--- Problem statement ---
What is the number of lines below that contain the string "lemma"? Give it and nothing else.

--- Data for this task ---
(* Let $\mathcal{D}\subset\mathbb{R}^d$ be compact, $0<a,b<\infty$, $c:=a+b$, $p_Z\in\mathcal{P}_Z$, and let $p_X$ satisfy $\inf_{x\in\mathcal{D}}p_X(x)=\nu>0$. Let $\mathcal{B}=\{\phi_j\}_{j=0}^\infty$ be an orthonormal (Schauder) basis of $\mathbf{L}^2(\mathcal{D})$. For $x\in\mathcal{D}$ let $S_{n,m}(x):=\hat f_{n,m}(x)-f_m(x)$. Suppose there exist a non-negative increasing sequence of reals $\{\Lambda_m\}_{m=1}^\infty$, a non-negative increasing sequence of positive integers $\{m(n)\}_{n=1}^\infty$, and constants $C_1,C_2>0$ such that: (1) for almost every $x,y\in\mathcal{D}$ and all $m$, $\left|\sum_{j=0}^{m-1}\phi_j(x)\phi_j^*(y)\frac{1}{p_X(y)}\right|\le C_1\Lambda_m$; (2) for all $f\in\mathcal{F}$, almost every $x\in\mathcal{D}$ and all $m$, $\left|\sum_{j=0}^{m-1}\langle f,\phi_j\rangle\phi_j(x)\right|\le C_2\Lambda_m$; (3) for all $\epsilon>0$, $\sum_{n=1}^\infty\exp\left(\frac{-\epsilon^2 n}{\Lambda_{m(n)}^2}\right)<\infty$. Then for every $f\in\mathcal{F}$ and every $x\in\mathcal{D}$ outside a set of Lebesgue measure zero, $S_n(x):=S_{n,m(n)}(x)\to0$ almost surely as $n\to\infty$.
   Context: $\mathcal{F}$ is the set of all measurable functions $f:\mathcal{D}\to[-a,+a]$. $p_X$ is a probability density on $\mathcal{D}$ (absolutely continuous w.r.t. Lebesgue measure) whose support is $\mathcal{D}$. $\mathcal{P}_Z$ is the set of all probability distributions on $\mathbb{R}$ with mean zero and support contained in $[-b,+b]$. Given $n$, let $X_1,\dots,X_n$ be i.i.d. with density $p_X$, $Z_1,\dots,Z_n$ i.i.d. with distribution $p_Z$, and $T_1,\dots,T_n$ i.i.d. uniform on $[-c,+c]$, all mutually independent; $Y_i=f(X_i)+Z_i$, and $B_i=+1$ if $Y_i>T_i$, $B_i=-1$ otherwise. Inner product $\langle g,h\rangle=\int_{\mathcal{D}}g h^*\,dx$. The estimator is $\hat\alpha_j:=\frac{c}{n}\sum_{i=1}^n\frac{\phi_j^*(X_i)}{p_X(X_i)}B_i$ and $\hat f_{n,m}:=\sum_{j=0}^{m-1}\hat\alpha_j\phi_j$; the $m$-term approximation is $f_m:=\sum_{j=0}^{m-1}\langle f,\phi_j\rangle\phi_j$. *)

theory Defs
  imports "HOL-Probability.Probability"
begin

definition sq_int_on :: "'a::euclidean_space set \<Rightarrow> ('a \<Rightarrow> complex) \<Rightarrow> bool" where
  "sq_int_on D g \<longleftrightarrow> g \<in> borel_measurable lborel \<and>
     set_integrable lborel D (\<lambda>x. (cmod (g x))\<^sup>2)"

definition l2_inner :: "'a::euclidean_space set \<Rightarrow> ('a \<Rightarrow> complex) \<Rightarrow> ('a \<Rightarrow> complex) \<Rightarrow> complex" where
  "l2_inner D g h = (LINT x:D|lborel. g x * cnj (h x))"

definition orthonormal_basis_L2 :: "'a::euclidean_space set \<Rightarrow> (nat \<Rightarrow> 'a \<Rightarrow> complex) \<Rightarrow> bool" where
  "orthonormal_basis_L2 D \<phi> \<longleftrightarrow>
     (\<forall>j. sq_int_on D (\<phi> j)) \<and>
     (\<forall>j k. l2_inner D (\<phi> j) (\<phi> k) = (if j = k then 1 else 0)) \<and>
     (\<forall>g. sq_int_on D g \<longrightarrow>
        (\<lambda>m. LINT x:D|lborel. (cmod (g x - (\<Sum>j<m. l2_inner D g (\<phi> j) * \<phi> j x)))\<^sup>2)
          \<longlonglongrightarrow> 0)"

definition fun_class :: "'a::euclidean_space set \<Rightarrow> real \<Rightarrow> ('a \<Rightarrow> real) set" where
  "fun_class D a = {f. f \<in> borel_measurable borel \<and> (\<forall>x\<in>D. \<bar>f x\<bar> \<le> a)}"

definition coef :: "'a::euclidean_space set \<Rightarrow> ('a \<Rightarrow> real) \<Rightarrow> ('a \<Rightarrow> complex) \<Rightarrow> complex" where
  "coef D f \<psi> = l2_inner D (\<lambda>x. complex_of_real (f x)) \<psi>"

definition f_approx :: "'a::euclidean_space set \<Rightarrow> (nat \<Rightarrow> 'a \<Rightarrow> complex) \<Rightarrow> ('a \<Rightarrow> real) \<Rightarrow> nat \<Rightarrow> 'a \<Rightarrow> complex" where
  "f_approx D \<phi> f m x = (\<Sum>j<m. coef D f (\<phi> j) * \<phi> j x)"

definition bit :: "('a \<Rightarrow> real) \<Rightarrow> 'a \<Rightarrow> real \<Rightarrow> real \<Rightarrow> real" where
  "bit f x z t = (if f x + z > t then 1 else -1)"

text \<open>Estimated coefficient alpha_j from the first n samples (indices 0..n-1).\<close>
definition alpha_hat :: "real \<Rightarrow> ('a \<Rightarrow> real) \<Rightarrow> (nat \<Rightarrow> 'a \<Rightarrow> complex) \<Rightarrow> ('a \<Rightarrow> real)
     \<Rightarrow> (nat \<Rightarrow> 'w \<Rightarrow> 'a) \<Rightarrow> (nat \<Rightarrow> 'w \<Rightarrow> real) \<Rightarrow> (nat \<Rightarrow> 'w \<Rightarrow> real)
     \<Rightarrow> nat \<Rightarrow> nat \<Rightarrow> 'w \<Rightarrow> complex" where
  "alpha_hat c pX \<phi> f X Z T n j \<omega> =
     complex_of_real (c / real n) *
       (\<Sum>i<n. cnj (\<phi> j (X i \<omega>)) / complex_of_real (pX (X i \<omega>))
               * complex_of_real (bit f (X i \<omega>) (Z i \<omega>) (T i \<omega>)))"

definition f_hat :: "real \<Rightarrow> ('a \<Rightarrow> real) \<Rightarrow> (nat \<Rightarrow> 'a \<Rightarrow> complex) \<Rightarrow> ('a \<Rightarrow> real)
     \<Rightarrow> (nat \<Rightarrow> 'w \<Rightarrow> 'a) \<Rightarrow> (nat \<Rightarrow> 'w \<Rightarrow> real) \<Rightarrow> (nat \<Rightarrow> 'w \<Rightarrow> real)
     \<Rightarrow> nat \<Rightarrow> nat \<Rightarrow> 'a \<Rightarrow> 'w \<Rightarrow> complex" where
  "f_hat c pX \<phi> f X Z T n m x \<omega> = (\<Sum>j<m. alpha_hat c pX \<phi> f X Z T n j \<omega> * \<phi> j x)"
text \<open>At a critical point the Hessian is (s J + diag d) rescaled by 1/X_i and 1/X_j.\<close>
lemma hessian_dP_W_critical:
  assumes "\<forall>l. X $ l \<noteq> 0"
    and "\<forall>l. X $ l - 1 / X $ l = - (coord_prod X - 1 / coord_prod X)"
  shows "hessian dP_W X $ i $ j
           = (coord_prod X + 1 / coord_prod X + (if i = j then X $ i + 1 / X $ i else 0))
             / (X $ i * X $ j)"
proof (cases "i = j")
  case True
  define P where "P = coord_prod X"
  have xj: "X $ j \<noteq> 0" and P: "P \<noteq> 0"
    using assms(1) by (auto simp: P_def coord_prod_def)
  have crit: "P^2 * X $ j + P * (X $ j)^2 = P + X $ j"
    using assms(2)[rule_format, of j] xj P
    by (simp add: P_def[symmetric] field_simps power2_eq_square)
  have "2 / (X $ j)^3 + 2 / (P * (X $ j)^2) - (P + 1 / P + (X $ j + 1 / X $ j)) / (X $ j * X $ j)
          = ((P + X $ j) - (P^2 * X $ j + P * (X $ j)^2)) / (P * X $ j ^ 3)"
    using xj P by (simp add: field_simps power2_eq_square power3_eq_cube)
  then show ?thesis
    using True crit hessian_dP_W_diag[OF assms(1), of j] by (simp add: P_def)
qed (simp add: hessian_dP_W_offdiag assms(1))

text \<open>Evenness of n rules out d_j = 0: otherwise X_j^2 = -1, which forces all coordinates
  to coincide, so P^2 = (X_j^2)^n = 1 and P - 1/P = 0 = 2 X_j, a contradiction.\<close>
lemma critical_point_d_nonzero:
  fixes X :: "complex^'n::finite"
  assumes "even CARD('n)" and "\<forall>l. X $ l \<noteq> 0"
    and crit: "\<forall>l. X $ l - 1 / X $ l = - (coord_prod X - 1 / coord_prod X)"
  shows "X $ i + 1 / X $ i \<noteq> 0"
proof
  assume d: "X $ i + 1 / X $ i = 0"
  define y where "y = X $ i"
  have y: "y \<noteq> 0" using assms(2) by (simp add: y_def)
  have y2: "y^2 = -1"
    using d y unfolding y_def[symmetric] by (simp add: field_simps power2_eq_square add_eq_0_iff)
  have inv_y: "1 / y = - y" using y2 y by (simp add: field_simps power2_eq_square)
  have all_y: "X $ l = y" for l
  proof -
    have "X $ l - 1 / X $ l = 2 * y" using crit inv_y by (metis y_def mult_2 diff_minus_eq_add)
    then have "(X $ l - y)^2 = 0"
      using assms(2) y2 by (simp add: field_simps power2_eq_square)
    then show ?thesis by simp
  qed
  have "(coord_prod X)^2 = (y^2) ^ CARD('n)"
    by (simp add: coord_prod_def all_y power_mult[symmetric] mult.commute)
  then have "(coord_prod X)^2 = 1" using y2 assms(1) by simp
  then have "coord_prod X - 1 / coord_prod X = 0"
    by (cases "coord_prod X = 0") (auto simp: field_simps power2_eq_square)
  then have "y - 1 / y = 0" using crit y_def by simp
  with inv_y y show False by simp
qed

--- Result of this task ---
2